The detuning of the collimator laser should be in the order of -110 to -120 MHz. If we applie the magnetic field of about 80 Gauss over the vapor cell, the Lamb dip can not be seen well enough to stabilize the laser with this method. The reason that with higher detunings the detection of the Lamb dip gets more difficult, is that the magnetic field generated by the coil is not completely homogeneous, since the cylinder does not have an infinite length. The magnetic field is weaker at the ends of the vapor cell, and the energy difference between the two states is not the same everywhere in the vapor cell. This broadens the Lamb dip, and the detection of the Lamb dip gets more difficult. So for the collimator laser another way of stabilizing the laser is needed. The method we use to stabilize the collimator laser is by making use of the beat signal of the collimator laser and the MOC laser.
To stabilize the collimator laser, we split off a small laser beam with a glass plate, and lead it with some mirrors through a beam splitter (see fig. 2.10). Another beam, coming from the MOC laser, is led through the same beam splitter, after which the two beams overlap completely, and are focussed on a fast photo diode with a lens. The two laser beams have an intensity of the same order of magnitude. The two overlapping laser beams give rise to a frequency and a frequency , the frequency difference between the MOC laser and the collimator laser, and the sum of the two frequencies. The photo diode can detect frequencies up to 1 GHz. So the sum of the frequencies is too high to be detected, and the frequency difference can only be seen if the two frequencies are very close to each other.

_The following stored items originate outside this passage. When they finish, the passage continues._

definition zero_space :: "(nat \<Rightarrow> 'a::field) set" where
  "zero_space = {(\<lambda>_. 0)}"

definition linear_code :: "'a::field itself \<Rightarrow> nat \<Rightarrow> (nat \<Rightarrow> 'a) set set \<Rightarrow> bool" where
  "linear_code T n U \<longleftrightarrow> U \<subseteq> Pq T n \<and> zero_space \<in> U \<and>
    (\<exists>bp. (\<forall>X\<in>U. \<forall>Y\<in>U. bp X Y \<in> U) \<and>
      (\<forall>X\<in>U. \<forall>Y\<in>U. \<forall>Z\<in>U. bp (bp X Y) Z = bp X (bp Y Z)) \<and>
      (\<forall>X\<in>U. \<forall>Y\<in>U. bp X Y = bp Y X) \<and>
      (\<forall>X\<in>U. bp zero_space X = X \<and> bp X zero_space = X) \<and>
      (\<forall>X\<in>U. \<exists>Y\<in>U. bp X Y = zero_space) \<and>
      (\<forall>X\<in>U. bp X X = zero_space) \<and>
      (\<forall>Y1\<in>U. \<forall>Y2\<in>U. \<forall>X\<in>U. dS (bp Y1 X) (bp Y2 X) = dS Y1 Y2))"

definition equidistant :: "(nat \<Rightarrow> 'a::field) set set \<Rightarrow> bool" where
  "equidistant U \<longleftrightarrow> (\<exists>r. \<forall>X\<in>U. \<forall>Y\<in>U. X \<noteq> Y \<longrightarrow> dS X Y = r)"

end

theory Submission
  imports Defs "HOL-Combinatorics.Transposition"
begin

text \<open>Distinct planes through the line spanned by \<open>e0\<close> meet exactly in that line, so they are at
  subspace distance \<open>2 + 2 - 2 = 2\<close> from each other and at distance 2 from the zero space. For
  \<open>q \<ge> 3\<close> the planes spanned by \<open>e0\<close> and \<open>(0, 1, x)\<close>, \<open>x \<in> F\<^sub>q\<^sup>6\<close>, are at least
  \<open>3\<^sup>6 \<ge> 2\<^sup>9 - 1\<close> such planes in \<open>F\<^sub>q\<^sup>8\<close>. An equidistant family of size \<open>2\<^sup>m\<close> containing
  the zero space is a linear code: identify it with \<open>Pow {..<m}\<close>, the zero space with \<open>{}\<close>, and
  transport the symmetric difference. Translations are injective, so they map distinct pairs to
  distinct pairs and preserve the constant distance.\<close>

interpretation V: vector_space "fscale :: 'a::field \<Rightarrow> (nat \<Rightarrow> 'a) \<Rightarrow> _"
  by (rule vector_space_fscale)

The frequency of the MOC laser is stabilized using the saturation spectroscopy, so by observing the photo diode signal, the fluctuations of the frequency of the collimator laser can be detected. A home-built electronical device divides the frequency of the signal of the photo diode by 2048, and compares this value with a reference signal which is provided by the sync output of a function generator.

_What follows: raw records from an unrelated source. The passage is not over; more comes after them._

lemma conj_mexp_fixes_commuting:
  fixes x :: real
  assumes J: "J \<in> carrier_mat D D" and JJ: "J * J = - 1\<^sub>m D" and J_anti_hermitian: "dagger J = - J"
    and C: "C \<in> carrier_mat D D" and CJ: "C * J = J * C"
  shows "mexp (of_real x \<cdot>\<^sub>m J) * C * dagger (mexp (of_real x \<cdot>\<^sub>m J)) = C"
proof -
  define c s where "c = (of_real (cos x) :: complex)" and "s = (of_real (sin x) :: complex)"
  define P Q where "P = c \<cdot>\<^sub>m 1\<^sub>m D + s \<cdot>\<^sub>m J" and "Q = c \<cdot>\<^sub>m 1\<^sub>m D + (- s) \<cdot>\<^sub>m J"
  have P: "P \<in> carrier_mat D D" and Q: "Q \<in> carrier_mat D D"
    unfolding P_def Q_def using J by auto
  have R: "mexp (of_real x \<cdot>\<^sub>m J) = P"
    unfolding P_def c_def s_def by (simp add: mexp_smult_square_minus_one[OF J JJ] cos_of_real sin_of_real)
  have P_dagger: "dagger P = Q"
    using J unfolding P_def Q_def c_def s_def
    by (simp add: dagger_add[of _ D D] dagger_smult dagger_one J_anti_hermitian)
      (auto simp: uminus_eq_smult_mat smult_smult_mat)
  have "c * c + s * s = 1"
    unfolding c_def s_def by (simp flip: of_real_mult of_real_add)
  then have unitary: "P * Q = 1\<^sub>m D"
    unfolding P_def Q_def using J
    by (simp add: mult_lincomb_one_square_minus_one[OF J JJ] mult.commute) (rule eq_matI, auto)
  have "P * C = C * P"
    unfolding P_def by (rule commute_lincomb_one[OF J C CJ, symmetric])
  then have "P * C * Q = C * (P * Q)"
    using P Q C by simp
  then show ?thesis
    using C by (simp add: R P_dagger unitary)
qed

context
  fixes A B :: "complex mat" and D :: nat
  assumes A: "A \<in> carrier_mat D D" and B: "B \<in> carrier_mat D D"
    and AB_anticommute: "A * B = - (B * A)"
begin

If the frequency difference becomes larger, the collimator is drifting away from resonance to the red, and a small correcting current is sent to the fast entrance of the power supply of the laser to correct for this drifting. This correction signal is sent once every second, and keeps the collimator locked with an accuracy of a few MHz. Unlike the laser stabilizing method making use of saturation spectroscopy, this method of stabilizing the laser will find the correct frequency again even if the laser has drifted away up to a 100 MHz. This can be simply seen by the fact that the increase or decrease of the beat signal implies a decrease or increase respectively of the frequency of the collimator laser. Only when the beat signal gets higher than 1 GHz, or when the collimator laser is detuned to the blue instead of the red, the correct frequency can not be found. A disadvantage of this method of stabilizing is that the frequency is determined less accurate, but for the collimator laser a spread of a few MHz is accurate enough.